I speak not by commandment, but I am testing the sincerity of your love by the diligence of others.

For you know the grace of our Lord Jesus Christ, that though He was rich, yet for your sakes He became poor, that you through His poverty might become rich.

10 And in this I give advice: It is to your advantage not only to be doing what you began and were desiring to do a year ago;

11 but now you also must complete the doing of it; that as there was a readiness to desire it, so there also may be a completion out of what you have.

12 For if there is first a willing mind, it is accepted according to what one has, and not according to what he does not have.

13 For I do not mean that others should be eased and you burdened;

14 but by an equality, that now at this time your abundance may supply their lack, that their abundance also may supply your lack—that there may be equality.

15 As it is written, “He who gathered much had nothing left over, and he who gathered little had no lack.”

I speak not by commandment (v.8) — God did not tell Paul to write this part of the letter. Paul goes on to give the Corinthians his advice beginning in verse 10.

Verse 9 expresses the same thought as that in Philippians 2:6-7, and especially the words “He emptied Himself.” Christ was rich in divinity and glory, but took on the nature of man. He also became a poor man and lived in poverty.

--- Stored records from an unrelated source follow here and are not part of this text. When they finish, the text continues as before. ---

(* In the communication-compressed SGD with error feedback described in the context, where the compression operator $Q$ satisfies $\|Q(\vec w)-\vec w\|^2\le\gamma\|\vec w\|^2$ for all $\vec w\in\mathbb{R}^d$ with $0\le\gamma<1$, for every node $q$ and iteration $t\ge0$, $$\mathbb{E}\|\vec x_t-\vec v_t^q\|^2\le\frac{(2-\gamma)\gamma M^2\alpha^2}{(1-\gamma)^3}.$$
   Context: There are $p$ nodes $\mathcal P=\{1,\dots,p\}$ and a learning rate $\alpha>0$. Each node $i$ keeps a view $\vec v_t^i$ and an error vector $\vec\epsilon_t^i$, with $\vec v_0^i=\vec\epsilon_0^i=\vec 0$; also $\vec x_0=\vec 0$. At iteration $t$, node $i$ computes a stochastic gradient $\tilde G(\vec v_t^i)$ with $\mathbb{E}\|\tilde G(\vec v_t^i)\|^2\le M^2$, forms $\vec w_t^i=\vec\epsilon_t^i+\alpha\tilde G(\vec v_t^i)$, broadcasts $Q(\vec w_t^i)$, and sets $\vec\epsilon_{t+1}^i=\vec w_t^i-Q(\vec w_t^i)$. Every node $q$ updates $\vec v_{t+1}^q=\vec v_t^q-\frac1p\sum_{i\in\mathcal P}Q(\vec w_t^i)$ (so all views coincide), and the global parameter is $\vec x_{t+1}=\vec x_t-\frac{\alpha}{p}\sum_{i\in\mathcal P}\tilde G(\vec v_t^i)$. *)

theory Defs
  imports "HOL-Probability.Probability"
begin

text \<open>State of the error-feedback compressed SGD after t iterations, for one fixed
  outcome of the randomness.  Nodes are 1..p.  Q is the compression operator,
  G v s is the stochastic gradient at point v with random sample s, and
  xi t i is the sample used by node i at iteration t.
  The state is (views v_t^i, error vectors eps_t^i, global parameter x_t).\<close>

fun ef_state :: "('v::real_normed_vector \<Rightarrow> 'v) \<Rightarrow> ('v \<Rightarrow> 'b \<Rightarrow> 'v) \<Rightarrow> (nat \<Rightarrow> nat \<Rightarrow> 'b)
    \<Rightarrow> nat \<Rightarrow> real \<Rightarrow> nat \<Rightarrow> (nat \<Rightarrow> 'v) \<times> (nat \<Rightarrow> 'v) \<times> 'v" where
  "ef_state Q G xi p \<alpha> 0 = ((\<lambda>i. 0), (\<lambda>i. 0), 0)"
| "ef_state Q G xi p \<alpha> (Suc t) =
     (case ef_state Q G xi p \<alpha> t of (v, e, x) \<Rightarrow>
        (let g = (\<lambda>i. G (v i) (xi t i));
             w = (\<lambda>i. e i + \<alpha> *\<^sub>R g i)
         in ((\<lambda>q. v q - (1 / real p) *\<^sub>R (\<Sum>i\<in>{1..p}. Q (w i))),
             (\<lambda>i. w i - Q (w i)),
             x - (\<alpha> / real p) *\<^sub>R (\<Sum>i\<in>{1..p}. g i))))"

definition ef_view where
  "ef_view Q G xi p \<alpha> t q = fst (ef_state Q G xi p \<alpha> t) q"

definition ef_err where
  "ef_err Q G xi p \<alpha> t i = fst (snd (ef_state Q G xi p \<alpha> t)) i"

definition ef_x where
  "ef_x Q G xi p \<alpha> t = snd (snd (ef_state Q G xi p \<alpha> t))"

definition ef_grad where
  "ef_grad Q G xi p \<alpha> t i = G (ef_view Q G xi p \<alpha> t i) (xi t i)"

end

theory Submission
  imports Defs
begin

text \<open>Write \<open>\<gamma> = s\<^sup>2\<close>. All views coincide, and \<open>x - v\<close> is minus the mean of the error
  vectors. Each error vector satisfies \<open>\<epsilon>' = w - Q w\<close> with \<open>w = \<epsilon> + \<alpha> g\<close>, so
  \<open>\<parallel>\<epsilon>'\<parallel> \<le> s (\<parallel>\<epsilon>\<parallel> + \<alpha>\<parallel>g\<parallel>)\<close>; a weighted Young inequality turns this into
  \<open>\<parallel>\<epsilon>'\<parallel>\<^sup>2 \<le> s\<parallel>\<epsilon>\<parallel>\<^sup>2 + s\<^sup>2/(1-s) \<alpha>\<^sup>2\<parallel>g\<parallel>\<^sup>2\<close>, and unrolling gives a geometrically
  discounted sum of squared gradients. The bound is linear in these, so taking expectations
  yields \<open>s\<^sup>2 \<alpha>\<^sup>2 M\<^sup>2/(1-s)\<^sup>2\<close>, which lies below \<open>(2-\<gamma>)\<gamma>\<alpha>\<^sup>2M\<^sup>2/(1-\<gamma>)\<^sup>3\<close>.\<close>

lemma ef_err_0 [simp]: "ef_err Q G xi p \<alpha> 0 i = 0"
  by (simp add: ef_err_def)

lemma ef_view_Suc: "ef_view Q G xi p \<alpha> (Suc t) q = ef_view Q G xi p \<alpha> t q
   - (1 / real p) *\<^sub>R (\<Sum>i\<in>{1..p}. Q (ef_err Q G xi p \<alpha> t i + \<alpha> *\<^sub>R ef_grad Q G xi p \<alpha> t i))"
  by (simp add: ef_view_def ef_err_def ef_grad_def split: prod.split)

lemma ef_err_Suc: "ef_err Q G xi p \<alpha> (Suc t) i =
   (ef_err Q G xi p \<alpha> t i + \<alpha> *\<^sub>R ef_grad Q G xi p \<alpha> t i)
   - Q (ef_err Q G xi p \<alpha> t i + \<alpha> *\<^sub>R ef_grad Q G xi p \<alpha> t i)"
  by (simp add: ef_view_def ef_err_def ef_grad_def split: prod.split)

lemma ef_x_Suc: "ef_x Q G xi p \<alpha> (Suc t) =
   ef_x Q G xi p \<alpha> t - (\<alpha> / real p) *\<^sub>R (\<Sum>i\<in>{1..p}. ef_grad Q G xi p \<alpha> t i)"
  by (simp add: ef_view_def ef_x_def ef_grad_def split: prod.split)

lemma ef_x_minus_view:
  "ef_x Q G xi p \<alpha> t - ef_view Q G xi p \<alpha> t q =
   - ((1 / real p) *\<^sub>R (\<Sum>i\<in>{1..p}. ef_err Q G xi p \<alpha> t i))"
proof (induction t)
  case 0
  then show ?case by (simp add: ef_view_def ef_x_def)
next
  case (Suc t)
  have "(\<alpha> / real p) *\<^sub>R (\<Sum>i\<in>{1..p}. ef_grad Q G xi p \<alpha> t i) =
        (1 / real p) *\<^sub>R (\<Sum>i\<in>{1..p}. \<alpha> *\<^sub>R ef_grad Q G xi p \<alpha> t i)"
    by (simp add: scaleR_sum_right)
  then show ?case
    unfolding ef_view_Suc ef_x_Suc ef_err_Suc using Suc.IH
    by (simp add: sum_subtractf sum.distrib scaleR_diff_right scaleR_add_right algebra_simps)
qed

lemma weighted_young_sq_add_le:
  fixes s A B :: real
  assumes "0 \<le> s" "s < 1"
  shows "s\<^sup>2 * (A + B)\<^sup>2 \<le> s * A\<^sup>2 + s\<^sup>2 / (1 - s) * B\<^sup>2"
proof -
  have "2 * s * (1 - s) * A * B \<le> (1 - s)\<^sup>2 * A\<^sup>2 + s\<^sup>2 * B\<^sup>2"
    using zero_le_power2[of "(1 - s) * A - s * B"] by (simp add: power2_eq_square algebra_simps)
  then have "2 * s * A * B \<le> (1 - s) * A\<^sup>2 + s\<^sup>2 / (1 - s) * B\<^sup>2"
    using assms by (simp add: field_simps power2_eq_square)
  then have "s * (A + B)\<^sup>2 \<le> A\<^sup>2 + s / (1 - s) * B\<^sup>2"
    using assms by (simp add: field_simps power2_eq_square)
  from mult_left_mono[OF this assms(1)] show ?thesis
    by (simp add: power2_eq_square algebra_simps)
qed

More than a year previous the Corinthian Christians had enthusiastically agreed to participate in this great offering for the impoverished Judaean saints. But, as with many of God’s people today, the nearer the time for the redemption of their pledge drew near, the less they felt like doing it. Therefore Paul “advised” them that it was “expedient” for them to do their part without further delay, for it would be embarrassing to him, not to mention them, if all the Gentile churches, with a veritable army of their delegates, were forced to proceed to Jerusalem without a representation from the largest church of all. — Stam, page 177.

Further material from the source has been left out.